The Other McCain

"One should either write ruthlessly what one believes to be the truth, or else shut up." — Arthur Koestler

‘15 Days to Slow the Spread’

Posted on | March 16, 2021 | Comments Off on ‘15 Days to Slow the Spread’

Yes, today is a memorable anniversary. Jim Geraghty reminds us:

On Monday, March 16, 2020, the White House advised all Americans to avoid gathering in groups of more than ten and urged older people to stay at home in a set of new guidelines designed to fight the coronavirus outbreak, labeling the effort “15 Days to Slow the Spread.”
That set of restrictions later was summarized as “two weeks to flatten the curve,” a slogan that grew more bitterly ironic as the pandemic and its quarantine restrictions dragged on and on — now for more than a year. That call for a voluntary avoidance of large groups quickly morphed into far-reaching restrictions upon the most basic rights and normal activities of American citizens: Forty-three governors issued orders directing residents to stay at home and nonessential businesses to close.

Read the whole thing. I was perfectly OK with 15 days, and it didn’t really bother me much when they extended that another month. After six weeks, though, I was like, “Let’s get back to business.”

Ah, but the “experts” (and the fear-stricken women who love to have “experts” tell them what to believe) wouldn’t let us get back to business. With a full year of data now available, what do we know?

LOCKDOWNS DON’T WORK!

If lockdowns were effective as disease prevention, the COVID-19 death rate in New York would be lower than Florida’s. Instead, Florida has been wide open for months — and mostly healthy — while New York is still locked down and Andrew Cuomo killed your granny. What happened is that everybody forgot the original rationale of “15 days to slow the spread,” i.e., governments, hospitals and medical personnel needed time to acquire the protective equipment (masks, etc.) to deal with this pandemic, and there were fears that a “surge” of patients would overwhelm hospitals, especially in terms of ICUs.

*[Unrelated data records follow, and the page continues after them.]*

lemma path_cartan_products_lt_2:
  assumes "i \<noteq> j" "rho i a = rho j a" "rho i a \<noteq> a" "rho l a = a" "C a i j = 0"
  shows "C a i l * C a l i < 2 \<or> C a j l * C a l j < 2"
proof (rule ccontr)
  assume "\<not> (C a i l * C a l i < 2 \<or> C a j l * C a l j < 2)"
  then have ge2: "2 \<le> - C a i l * - C a l i" "2 \<le> - C a j l * - C a l j" by auto
  have "i \<noteq> l" "j \<noteq> l" using assms by auto
  then have nonneg: "0 \<le> - C a i l" "0 \<le> - C a l i" "0 \<le> - C a j l" "0 \<le> - C a l j"
    using cartan_nonpos[of _ _ a] by (simp_all add: eq_commute[of l])
  have "C a j i = 0" using assms(5) cartan_eq_0_sym by blast
  show False
  proof (rule lji_orbit_no_increasing_invariant[OF assms(1) \<open>i \<noteq> l\<close> \<open>j \<noteq> l\<close> assms(2,4),
        where P = "\<lambda>x y z. 0 \<le> x \<and> 0 \<le> y \<and> 0 \<le> z \<and> 2 * x \<le> - C a i l * z \<and> 2 * y \<le> - C a j l * z
          \<and> (2 * x < - C a i l * z \<or> 2 * y < - C a j l * z)"])
    fix x y z x' y' z' :: int
    assume "0 \<le> x \<and> 0 \<le> y \<and> 0 \<le> z \<and> 2 * x \<le> - C a i l * z \<and> 2 * y \<le> - C a j l * z
          \<and> (2 * x < - C a i l * z \<or> 2 * y < - C a j l * z)"
      and "x' = - x - C a i j * y - C a i l * z" "y' = - y - C a j i * x' - C a j l * z"
        "z' = - z - C a l i * x' - C a l j * y'"
    then show "(0 \<le> x' \<and> 0 \<le> y' \<and> 0 \<le> z' \<and> 2 * x' \<le> - C a i l * z' \<and> 2 * y' \<le> - C a j l * z'
          \<and> (2 * x' < - C a i l * z' \<or> 2 * y' < - C a j l * z')) \<and> z < z'"
      using path_invariant_step[OF nonneg(1,3,2,4) ge2, of x y z x' y' z'] assms(5) \<open>C a j i = 0\<close>
      by (simp add: algebra_simps)
  qed (use ge2 nonneg in auto)
qed

end

theorem lemma4p10:
  fixes rho :: "'i::finite \<Rightarrow> 'a \<Rightarrow> 'a"
    and C :: "'a \<Rightarrow> 'i \<Rightarrow> 'i \<Rightarrow> int"
    and R :: "'a \<Rightarrow> ('i \<Rightarrow> int) set"
    and a b :: 'a and i j l :: 'i
  assumes "cartan_scheme rho C"
    and "connected_cs rho"
    and "root_system rho C R"
    and "finite_root_system R"
    and "i \<noteq> j"
    and "rho i a = b" and "rho j a = b" and "b \<noteq> a"
    and "rho l a = a"
  shows "C a i j * C a i l * C a j l = 0 \<and>
         (rho i (rho l b) \<noteq> rho l b \<and> rho j (rho l b) \<noteq> rho l b
           \<longrightarrow> (\<forall>n. C a l n = C b l n))"
proof -
  interpret finite_cartan_root_system rho C R
    using assms(3,4) by unfold_locales
  have "i \<noteq> l" "j \<noteq> l" using assms(6-9) by auto
  have triangle: "C a i j * C a i l * C a j l = 0"
    using triangle_cartan_product_eq_0 assms(5-9) by simp
  moreover have "C a l n = C b l n"
    if not_fixed: "rho i (rho l b) \<noteq> rho l b" "rho j (rho l b) \<noteq> rho l b" for n
  proof (cases "C a i l = 0 \<or> C a j l = 0")
    case True
    then show ?thesis
      using cartan_row_rho_of_cartan_eq_0[of i l a n] cartan_row_rho_of_cartan_eq_0[of j l a n]
        \<open>i \<noteq> l\<close> \<open>j \<noteq> l\<close> assms(6,7,9) by auto
  next
    case False
    then have "2 \<le> C a i l * C a l i" "2 \<le> C a j l * C a l j"
      using cartan_product_ge_2_of_not_braid \<open>i \<noteq> l\<close> \<open>j \<noteq> l\<close> not_fixed assms(6,7,9) by simp_all
    moreover have "C a i j = 0" using triangle False by simp
    ultimately show ?thesis
      using path_cartan_products_lt_2[of i j a l] assms(5-9) by auto
  qed
  ultimately show ?thesis by blast
qed

end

By instituting a preventive quarantine for a few weeks, we were buying time to “flatten the curve,” to prevent that drastic spike of cases that would flood hospitals with critical cases. That policy actually worked — with a few localized exceptions, our hospitals were never beyond capacity, and the dreaded ventilator shortage never happened.

What lockdowns could never do, however, was to completely eliminate risk of contagion, which is what the “Karen” mob of mask Nazis expect.

Do you see the difference between “slowing the spread” (the original goal) and eliminating risk altogether? One was feasible — and in fact, we did it — but the other is irrational, and especially so once (a) effective treatment protocols were developed, (b) widespread testing was available and (c) we discovered that almost no one under age 70 died from COVID-19.

But the fear-stricken women craved perfect safety:

The general lockdowns were never about protecting the general public.
They were only about protecting Karen.

All policies oriented toward the emotional needs of such people are bad.

How strange it is that the same dimwit women who demand the government shut down everything to protect them from germs are also generally in favor of open borders and “criminal justice reform.”